Department of Pathology, State Key Laboratory of Biotherapy and Cancer Center, West China Hospital, Sichuan University, and Collaborative Innovation Centre of Biotherapy, Chengdu, China.
Key Laboratory of Birth Defects and Related Diseases of Women and Children, Department of Paediatrics, Division of Neurology, West China Second University Hospital, Sichuan University, Chengdu, China.
Protein Sci. 2020 Jun;29(6):1366-1372. doi: 10.1002/pro.3724. Epub 2019 Sep 14.

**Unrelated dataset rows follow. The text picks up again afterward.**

(* Let $G$ be a finite simple undirected graph, $T$ a spanning forest of $G$, and let $G'=G+e$ be obtained by inserting a new edge $e$ between two distinct non-adjacent vertices; let $T'=T$ if the endpoints of $e$ lie in the same tree of $T$, and $T'=T+e$ otherwise (so $T'$ is a spanning forest of $G'$). Let $(u,v)$ be an edge of $T$, and let $\mathrm{rep}(u,v)$ and $\mathrm{rep}'(u,v)$ denote the number of replacement edges of $(u,v)$ with respect to $(G,T)$ and $(G',T')$, respectively. Then $u$ and $v$ lie in different 2-edge-connected components of $G$ but in the same 2-edge-connected component of $G'$ if and only if $\mathrm{rep}(u,v)=0$ and $\mathrm{rep}'(u,v)=1$.
   Context: A spanning forest of a graph $H$ is an acyclic subgraph on all vertices of $H$ whose components have the same vertex sets as the components of $H$. Given $H$ and a spanning forest $F$, a replacement edge for an edge $f$ of $F$ is an edge $(x,y)\in E(H)\setminus E(F)$ with $x,y$ in the same tree of $F$ such that the unique path in $F$ between $x$ and $y$ contains $f$. Two vertices are 2-edge connected if there exist at least two edge-disjoint paths between them; the 2-edge-connected components are the equivalence classes of this relation. *)

theory Defs
  imports Main
begin
(* Let $M=r^2\phi^{-2}\partial_r$ on the expanding region $\mathcal{R}^+$ of Schwarzschild–de Sitter. Then for every (sufficiently regular) function $\psi$, $K^M[\psi]\le0$ everywhere on $\mathcal{R}^+$.
   Context: Fix $\Lambda>0$, $0<3m<1/\sqrt\Lambda$; $D(r)=\frac{\Lambda}{3}r^2-1+\frac{2m}{r}$, $r_{\mathcal{C}}$ its largest positive root; $\mathcal{R}^+=(r_{\mathcal{C}},\infty)_r\times\mathbb{R}_t\times\mathbb{S}^2$ with $g=-D^{-1}dr^2+Ddt^2+r^2\gamma_{\mathbb{S}^2}$; $\phi=D^{-1/2}$. $T_{\mu\nu}[\psi]=\partial_\mu\psi\partial_\nu\psi-\frac12g_{\mu\nu}g^{\alpha\beta}\partial_\alpha\psi\partial_\beta\psi$; for a vector field $X$, ${}^{(X)}\pi^{\mu\nu}=\frac12(\nabla^\mu X^\nu+\nabla^\nu X^\mu)$ and $K^X[\psi]={}^{(X)}\pi^{\mu\nu}T_{\mu\nu}[\psi]$. *)

theory Defs
  imports "HOL-Analysis.Analysis"
begin

text \<open>Coordinates: a point is x :: nat => real with x 0 = r, x 1 = t,
  x 2 = theta, x 3 = varphi (polar coordinates on the sphere); indices range over {0..<4}.\<close>

definition sdsD :: "real \<Rightarrow> real \<Rightarrow> real \<Rightarrow> real" where
  "sdsD \<Lambda> m r = \<Lambda> / 3 * r^2 - 1 + 2 * m / r"

definition rC :: "real \<Rightarrow> real \<Rightarrow> real" where
  "rC \<Lambda> m = (GREATEST r. r > 0 \<and> sdsD \<Lambda> m r = 0)"

definition sdsphi :: "real \<Rightarrow> real \<Rightarrow> real \<Rightarrow> real" where
  "sdsphi \<Lambda> m r = 1 / sqrt (sdsD \<Lambda> m r)"

definition sds_g :: "real \<Rightarrow> real \<Rightarrow> (nat \<Rightarrow> real) \<Rightarrow> nat \<Rightarrow> nat \<Rightarrow> real" where
  "sds_g \<Lambda> m x \<mu> \<nu> =
     (if \<mu> \<noteq> \<nu> then 0
      else if \<mu> = 0 then - 1 / sdsD \<Lambda> m (x 0)
      else if \<mu> = 1 then sdsD \<Lambda> m (x 0)
      else if \<mu> = 2 then (x 0)^2
      else if \<mu> = 3 then (x 0)^2 * (sin (x 2))^2
      else 0)"

definition sds_ginv :: "real \<Rightarrow> real \<Rightarrow> (nat \<Rightarrow> real) \<Rightarrow> nat \<Rightarrow> nat \<Rightarrow> real" where
  "sds_ginv \<Lambda> m x \<mu> \<nu> =
     (if \<mu> \<noteq> \<nu> then 0
      else if \<mu> = 0 then - sdsD \<Lambda> m (x 0)
      else if \<mu> = 1 then 1 / sdsD \<Lambda> m (x 0)
      else if \<mu> = 2 then 1 / (x 0)^2
      else if \<mu> = 3 then 1 / ((x 0)^2 * (sin (x 2))^2)
      else 0)"

definition pd :: "((nat \<Rightarrow> real) \<Rightarrow> real) \<Rightarrow> (nat \<Rightarrow> real) \<Rightarrow> nat \<Rightarrow> real" where
  "pd f x \<mu> = deriv (\<lambda>s. f (x(\<mu> := s))) (x \<mu>)"

definition christoffel ::
  "((nat \<Rightarrow> real) \<Rightarrow> nat \<Rightarrow> nat \<Rightarrow> real) \<Rightarrow> ((nat \<Rightarrow> real) \<Rightarrow> nat \<Rightarrow> nat \<Rightarrow> real)
   \<Rightarrow> (nat \<Rightarrow> real) \<Rightarrow> nat \<Rightarrow> nat \<Rightarrow> nat \<Rightarrow> real" where
  "christoffel g ginv x la \<mu> \<nu> =
     (1/2) * (\<Sum>\<sigma><4. ginv x la \<sigma> *
        (pd (\<lambda>y. g y \<sigma> \<nu>) x \<mu> + pd (\<lambda>y. g y \<sigma> \<mu>) x \<nu> - pd (\<lambda>y. g y \<mu> \<nu>) x \<sigma>))"

definition covd ::
  "((nat \<Rightarrow> real) \<Rightarrow> nat \<Rightarrow> nat \<Rightarrow> real) \<Rightarrow> ((nat \<Rightarrow> real) \<Rightarrow> nat \<Rightarrow> nat \<Rightarrow> real)
   \<Rightarrow> ((nat \<Rightarrow> real) \<Rightarrow> nat \<Rightarrow> real) \<Rightarrow> (nat \<Rightarrow> real) \<Rightarrow> nat \<Rightarrow> nat \<Rightarrow> real" where
  "covd g ginv X x \<mu> \<nu> =
     pd (\<lambda>y. X y \<nu>) x \<mu> + (\<Sum>la<4. christoffel g ginv x \<nu> \<mu> la * X x la)"

definition deformation ::
  "((nat \<Rightarrow> real) \<Rightarrow> nat \<Rightarrow> nat \<Rightarrow> real) \<Rightarrow> ((nat \<Rightarrow> real) \<Rightarrow> nat \<Rightarrow> nat \<Rightarrow> real)
   \<Rightarrow> ((nat \<Rightarrow> real) \<Rightarrow> nat \<Rightarrow> real) \<Rightarrow> (nat \<Rightarrow> real) \<Rightarrow> nat \<Rightarrow> nat \<Rightarrow> real" where
  "deformation g ginv X x \<mu> \<nu> =
     (1/2) * ((\<Sum>\<alpha><4. ginv x \<mu> \<alpha> * covd g ginv X x \<alpha> \<nu>)
            + (\<Sum>\<alpha><4. ginv x \<nu> \<alpha> * covd g ginv X x \<alpha> \<mu>))"

definition stress ::
  "((nat \<Rightarrow> real) \<Rightarrow> nat \<Rightarrow> nat \<Rightarrow> real) \<Rightarrow> ((nat \<Rightarrow> real) \<Rightarrow> nat \<Rightarrow> nat \<Rightarrow> real)
   \<Rightarrow> ((nat \<Rightarrow> real) \<Rightarrow> real) \<Rightarrow> (nat \<Rightarrow> real) \<Rightarrow> nat \<Rightarrow> nat \<Rightarrow> real" where
  "stress g ginv \<psi> x \<mu> \<nu> =
     pd \<psi> x \<mu> * pd \<psi> x \<nu>
     - (1/2) * g x \<mu> \<nu> * (\<Sum>\<alpha><4. \<Sum>\<beta><4. ginv x \<alpha> \<beta> * pd \<psi> x \<alpha> * pd \<psi> x \<beta>)"

definition Kcurrent ::
  "((nat \<Rightarrow> real) \<Rightarrow> nat \<Rightarrow> nat \<Rightarrow> real) \<Rightarrow> ((nat \<Rightarrow> real) \<Rightarrow> nat \<Rightarrow> nat \<Rightarrow> real)
   \<Rightarrow> ((nat \<Rightarrow> real) \<Rightarrow> nat \<Rightarrow> real) \<Rightarrow> ((nat \<Rightarrow> real) \<Rightarrow> real) \<Rightarrow> (nat \<Rightarrow> real) \<Rightarrow> real" where
  "Kcurrent g ginv X \<psi> x =
     (\<Sum>\<mu><4. \<Sum>\<nu><4. deformation g ginv X x \<mu> \<nu> * stress g ginv \<psi> x \<mu> \<nu>)"

definition sdsM :: "real \<Rightarrow> real \<Rightarrow> (nat \<Rightarrow> real) \<Rightarrow> nat \<Rightarrow> real" where
  "sdsM \<Lambda> m x \<mu> = (if \<mu> = 0 then (x 0)^2 / (sdsphi \<Lambda> m (x 0))^2 else 0)"

end

theory Submission
  imports Defs "HOL-Real_Asymp.Real_Asymp" "HOL-Computational_Algebra.Polynomial"
begin

text \<open>
  In the coordinates (r, t, theta, varphi) the field is M = r^2 D d_r, and its deformation tensor is
  diagonal with entries -D (2 r D + r^2 D'/2), r^2 D' / (2 D), D / r and D / (r sin^2 theta).
  Contracting with the energy-momentum tensor, the (d_r psi)^2 terms cancel and
  K^M = -2 r (d_t psi)^2 - (D/r + D'/2) ((d_theta psi)^2 + (d_varphi psi)^2 / sin^2 theta).
  Both coefficients have the right sign beyond the cosmological horizon: there D > 0 and
  r > 3m, because D(3m) = (9 Lambda m^2 - 1)/3 < 0 forces a root of D above 3m; hence
  r (D/r + D'/2) = 2 D + 1 - 3m/r > 0.
\<close>

lemma continuous_on_sdsD: "0 \<notin> S \<Longrightarrow> continuous_on S (sdsD L m)"
  unfolding sdsD_def[abs_def] by (intro continuous_intros) auto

Chromosome region maintenance 1 (CRM1) exports nuclear export signal (NES) containing cargos from nucleus to cytoplasm and plays critical roles in cancer and viral infections. Biochemical and biophysical studies on this protein were often obstructed by its low purification yield and stability. With the help of PROSS server and NES protection strategy, we successfully designed three small fragments of CRM1, each made of four HEAT repeats and capable of binding to NESs in the absence of RanGTP. One of the fragments, C7, showed dramatically improved purification yield, thermostability, mechanostability, and resistance to protease digestion. We showed by isothermal titration that the protein kinase inhibitor NES binds to C7 at 1.18 μM affinity. Direct binding to C7 by several reported CRM1 inhibitors derived from plants were verified using pull-down assays. These fragments might be useful for the development of CRM1 inhibitors towards treatment of related diseases. The strategy applied here might help to tackle similar problems encountered in different fields.
染色质区域维持蛋白 1(CRM1)将含有核输出信号(NES)的货物从细胞核输出到细胞质,在癌症和病毒感染中发挥着关键作用。对这种蛋白质的生化和生物物理研究常常受到其低纯化产量和稳定性的阻碍。在 PROSS 服务器和 NES 保护策略的帮助下,我们成功设计了 CRM1 的三个小片段,每个片段由四个 HEAT 重复组成,在没有 RanGTP 的情况下能够结合 NES。其中一个片段 C7 显示出显著提高的纯化产量、热稳定性、机械稳定性和对蛋白酶消化的抵抗力。我们通过等温滴定量热法表明,蛋白激酶抑制剂 NES 以 1.18 μM 的亲和力与 C7 结合。使用下拉测定法验证了几种来自植物的报道的 CRM1 抑制剂与 C7 的直接结合。这些片段可能有助于开发针对相关疾病的 CRM1 抑制剂。这里应用的策略可能有助于解决不同领域遇到的类似问题。